◆ **Work to complete**
Take the entries that follow and return exactly the lines from the one holding "by (intro exI[of" through the one holding "by (rule C_NNS_face_sum_nonneg[OF", both included. Nothing else is needed.

(Saved entries)
lemma interior_exp_ratio_tendsto_0:
  fixes a :: "'i \<Rightarrow> 'v::euclidean_space"
  assumes "finite E" and "\<forall>j\<in>E. 0 < c j" and "b \<in> interior (convex hull (a ` E))"
  shows "((\<lambda>x. exp (b \<bullet> x) / (\<Sum>j\<in>E. c j * exp (a j \<bullet> x))) \<longlongrightarrow> 0) at_infinity"
proof -
  obtain e where e: "e > 0" "\<And>x. \<exists>s\<in>a ` E. b \<bullet> x + e * norm x \<le> s \<bullet> x"
    using interior_convex_hull_inner_margin[OF assms(3)] by blast
  have "E \<noteq> {}" using assms(3) by auto
  define m where "m = Min (c ` E)"
  have m: "0 < m" "\<And>j. j \<in> E \<Longrightarrow> m \<le> c j"
    using assms(1,2) \<open>E \<noteq> {}\<close> by (auto simp: m_def)
  have "norm (exp (b \<bullet> x) / (\<Sum>j\<in>E. c j * exp (a j \<bullet> x))) \<le> exp (- (e * norm x)) / m" for x
  proof -
    obtain j where j: "j \<in> E" "b \<bullet> x + e * norm x \<le> a j \<bullet> x" using e(2) by blast
    have "m * exp (b \<bullet> x + e * norm x) \<le> c j * exp (a j \<bullet> x)"
      using j m(2)[OF j(1)] assms(2) by (intro mult_mono) auto
    also have "\<dots> \<le> (\<Sum>j\<in>E. c j * exp (a j \<bullet> x))"
      using assms(1,2) j(1) by (intro member_le_sum) (auto intro: less_imp_le)
    finally have "m * exp (b \<bullet> x) \<le> exp (- (e * norm x)) * (\<Sum>j\<in>E. c j * exp (a j \<bullet> x))"
      by (simp add: exp_add exp_minus field_simps)
    moreover have "0 < (\<Sum>j\<in>E. c j * exp (a j \<bullet> x))"
      using assms(1,2) \<open>E \<noteq> {}\<close> by (intro sum_pos) auto
    ultimately show ?thesis using m(1) by (simp add: field_simps)
  qed
  moreover have "((\<lambda>r. exp (- (e * r)) / m) \<longlongrightarrow> 0) at_top"
    using e(1) by (intro tendsto_divide_zero) real_asymp
  ultimately show ?thesis
    by (intro Lim_null_comparison[OF _ filterlim_compose[OF _ filterlim_norm_at_top]]) auto
qed

text \<open>If some vertex coefficient were nonpositive, the opposite facet would separate
  \<open>a p\<close> from the other exponents with nonpositive coefficient; along the separating
  direction the negative term \<open>c p\<close> would then dominate.\<close>
lemma C_NNS_pos_at_simplex_vertex:
  assumes "c \<in> C_NNS a" and "inj_on a E" and "\<not> affine_dependent (a ` E)"
    and "p \<notin> E" "c p < 0" "a p \<in> interior (convex hull (a ` E))"
    and "\<And>i. i \<notin> E \<Longrightarrow> c i \<le> 0" and "j \<in> E"
  shows "0 < c j"
proof (rule ccontr)
  assume "\<not> 0 < c j"
  define J where "J = E - {j}"
  have aJ: "a ` J = a ` E - {a j}"
    using assms(2,8) by (auto simp: J_def inj_on_def)
  have "a j \<notin> convex hull (a ` J)"
    using assms(3,8) aJ convex_hull_subset_affine_hull by (fastforce simp: affine_dependent_def)
  moreover have "a j \<in> convex hull (a ` E)"
    using assms(8) by (simp add: hull_inc)
  ultimately have "convex hull (a ` J) \<noteq> convex hull (a ` E)"
    by blast
  moreover have "convex hull (a ` J) face_of convex hull (a ` E)"
    unfolding face_of_convex_hull_affine_independent[OF assms(3)]
    by (intro exI[of _ "a ` J"]) (auto simp: J_def)
  ultimately have "a p \<notin> convex hull (a ` J)"
    using face_of_disjoint_interior assms(6) by blast
  moreover have "closed (convex hull (a ` J))"
    by (simp add: compact_imp_closed compact_convex_hull finite_imp_compact)
  ultimately obtain w \<beta> where w: "w \<bullet> a p < \<beta>" "\<forall>x\<in>convex hull (a ` J). \<beta> < w \<bullet> x"
    using separating_hyperplane_closed_point[OF convex_convex_hull] by blast
  define y where "y = - w"
  have J_below: "a i \<bullet> y < a p \<bullet> y" if "i \<in> J" for i
    using w that hull_inc[of "a i" "a ` J"] by (fastforce simp: y_def inner_commute)
  have nonpos: "c i \<le> 0" if "i \<notin> J" for i
    using that assms(7) \<open>\<not> 0 < c j\<close> by (cases "i = j") (auto simp: J_def)
  have "c i \<le> 0" if "a i \<bullet> y > a p \<bullet> y" for i
    using nonpos J_below that by force
  then have "0 \<le> (\<Sum>i\<in>{i. a i \<bullet> y = a p \<bullet> y}. c i)"
    by (rule C_NNS_face_sum_nonneg[OF assms(1)])
  also have "\<dots> = c p + (\<Sum>i\<in>{i. a i \<bullet> y = a p \<bullet> y} - {p}. c i)"
    by (rule sum.remove) auto
  also have "(\<Sum>i\<in>{i. a i \<bullet> y = a p \<bullet> y} - {p}. c i) \<le> 0"
    using nonpos J_below by (intro sum_nonpos) force
  finally show False using assms(5) by simp
qed

text \<open>Split \<open>Sig a c = P - N\<close> into the vertex part and the negative interior part;
  \<open>t\<close> is the maximum of \<open>N / P\<close>, which is attained because the ratio vanishes at infinity.\<close>
lemma C_NNS_simplex_rescaling_touches_0:
  assumes c: "c \<in> C_NNS a" and pos: "\<forall>j\<in>E. 0 < c j"
    and outside: "\<And>i. i \<notin> E \<Longrightarrow> c i < 0 \<and> a i \<in> interior (convex hull (a ` E))"
    and "E \<noteq> UNIV"
  obtains t xs where "t \<le> 1"
    "(\<lambda>i. if i \<in> E then t * c i else c i) \<in> C_NNS a"
    "Sig a (\<lambda>i. if i \<in> E then t * c i else c i) xs = 0"
proof -
  define P where "P x = (\<Sum>j\<in>E. c j * exp (a j \<bullet> x))" for x
  define N where "N x = (\<Sum>i\<in>-E. - c i * exp (a i \<bullet> x))" for x
  have Sig_scaled: "Sig a (\<lambda>i. if i \<in> E then t * c i else c i) x = t * P x - N x" for t x
    unfolding Sig_def sum_UNIV_Compl_split[of _ E] P_def N_def
    by (simp add: sum_distrib_left sum_negf mult.assoc)
  obtain p where p: "p \<notin> E" using \<open>E \<noteq> UNIV\<close> by blast
  then have "E \<noteq> {}" using outside by fastforce
  then have P_pos: "0 < P x" for x
    unfolding P_def using pos by (intro sum_pos) auto
  have N_pos: "0 < N x" for x
    unfolding N_def using outside p by (intro sum_pos) (auto simp: mult_neg_pos)
  define h where "h x = N x / P x" for x
  have "continuous_on UNIV h"
    unfolding h_def P_def N_def using P_pos[unfolded P_def]
    by (intro continuous_intros) (metis less_irrefl)
  moreover have "(h \<longlongrightarrow> 0) at_infinity"
  proof -
    have "h = (\<lambda>x. \<Sum>i\<in>-E. - c i * (exp (a i \<bullet> x) / P x))"
      by (simp add: fun_eq_iff h_def N_def sum_divide_distrib)
    moreover have "((\<lambda>x. \<Sum>i\<in>-E. - c i * (exp (a i \<bullet> x) / P x)) \<longlongrightarrow> 0) at_infinity"
      unfolding P_def using pos outside
      by (intro tendsto_null_sum tendsto_mult_right_zero interior_exp_ratio_tendsto_0) auto
    ultimately show ?thesis by simp
  qed
  moreover have "0 < h 0" using N_pos P_pos by (simp add: h_def)
  ultimately obtain xs where xs: "\<And>y. h y \<le> h xs"
    using continuous_attains_sup_vanishing_at_infinity by blast
  show ?thesis
  proof
    have "0 \<le> Sig a c xs" using c by (simp add: C_NNS_def)
    moreover have "(\<lambda>i. if i \<in> E then 1 * c i else c i) = c" by auto
    then have "Sig a c xs = P xs - N xs" using Sig_scaled[of 1 xs] by simp
    ultimately have "N xs \<le> P xs" by simp
    then show "h xs \<le> 1" using P_pos by (simp add: h_def)
    have "N x \<le> h xs * P x" for x
      using xs[of x] P_pos[of x] by (simp add: h_def pos_divide_le_eq)
    then show "(\<lambda>i. if i \<in> E then h xs * c i else c i) \<in> C_NNS a"
      by (simp add: C_NNS_def Sig_scaled)
    show "Sig a (\<lambda>i. if i \<in> E then h xs * c i else c i) xs = 0"
      using P_pos[of xs] by (simp add: Sig_scaled h_def)
  qed
qed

◆ **Task response**
    by (intro exI[of _ "a ` J"]) (auto simp: J_def)
  ultimately have "a p \<notin> convex hull (a ` J)"
    using face_of_disjoint_interior assms(6) by blast
  moreover have "closed (convex hull (a ` J))"
    by (simp add: compact_imp_closed compact_convex_hull finite_imp_compact)
  ultimately obtain w \<beta> where w: "w \<bullet> a p < \<beta>" "\<forall>x\<in>convex hull (a ` J). \<beta> < w \<bullet> x"
    using separating_hyperplane_closed_point[OF convex_convex_hull] by blast
  define y where "y = - w"
  have J_below: "a i \<bullet> y < a p \<bullet> y" if "i \<in> J" for i
    using w that hull_inc[of "a i" "a ` J"] by (fastforce simp: y_def inner_commute)
  have nonpos: "c i \<le> 0" if "i \<notin> J" for i
    using that assms(7) \<open>\<not> 0 < c j\<close> by (cases "i = j") (auto simp: J_def)
  have "c i \<le> 0" if "a i \<bullet> y > a p \<bullet> y" for i
    using nonpos J_below that by force
  then have "0 \<le> (\<Sum>i\<in>{i. a i \<bullet> y = a p \<bullet> y}. c i)"
    by (rule C_NNS_face_sum_nonneg[OF assms(1)])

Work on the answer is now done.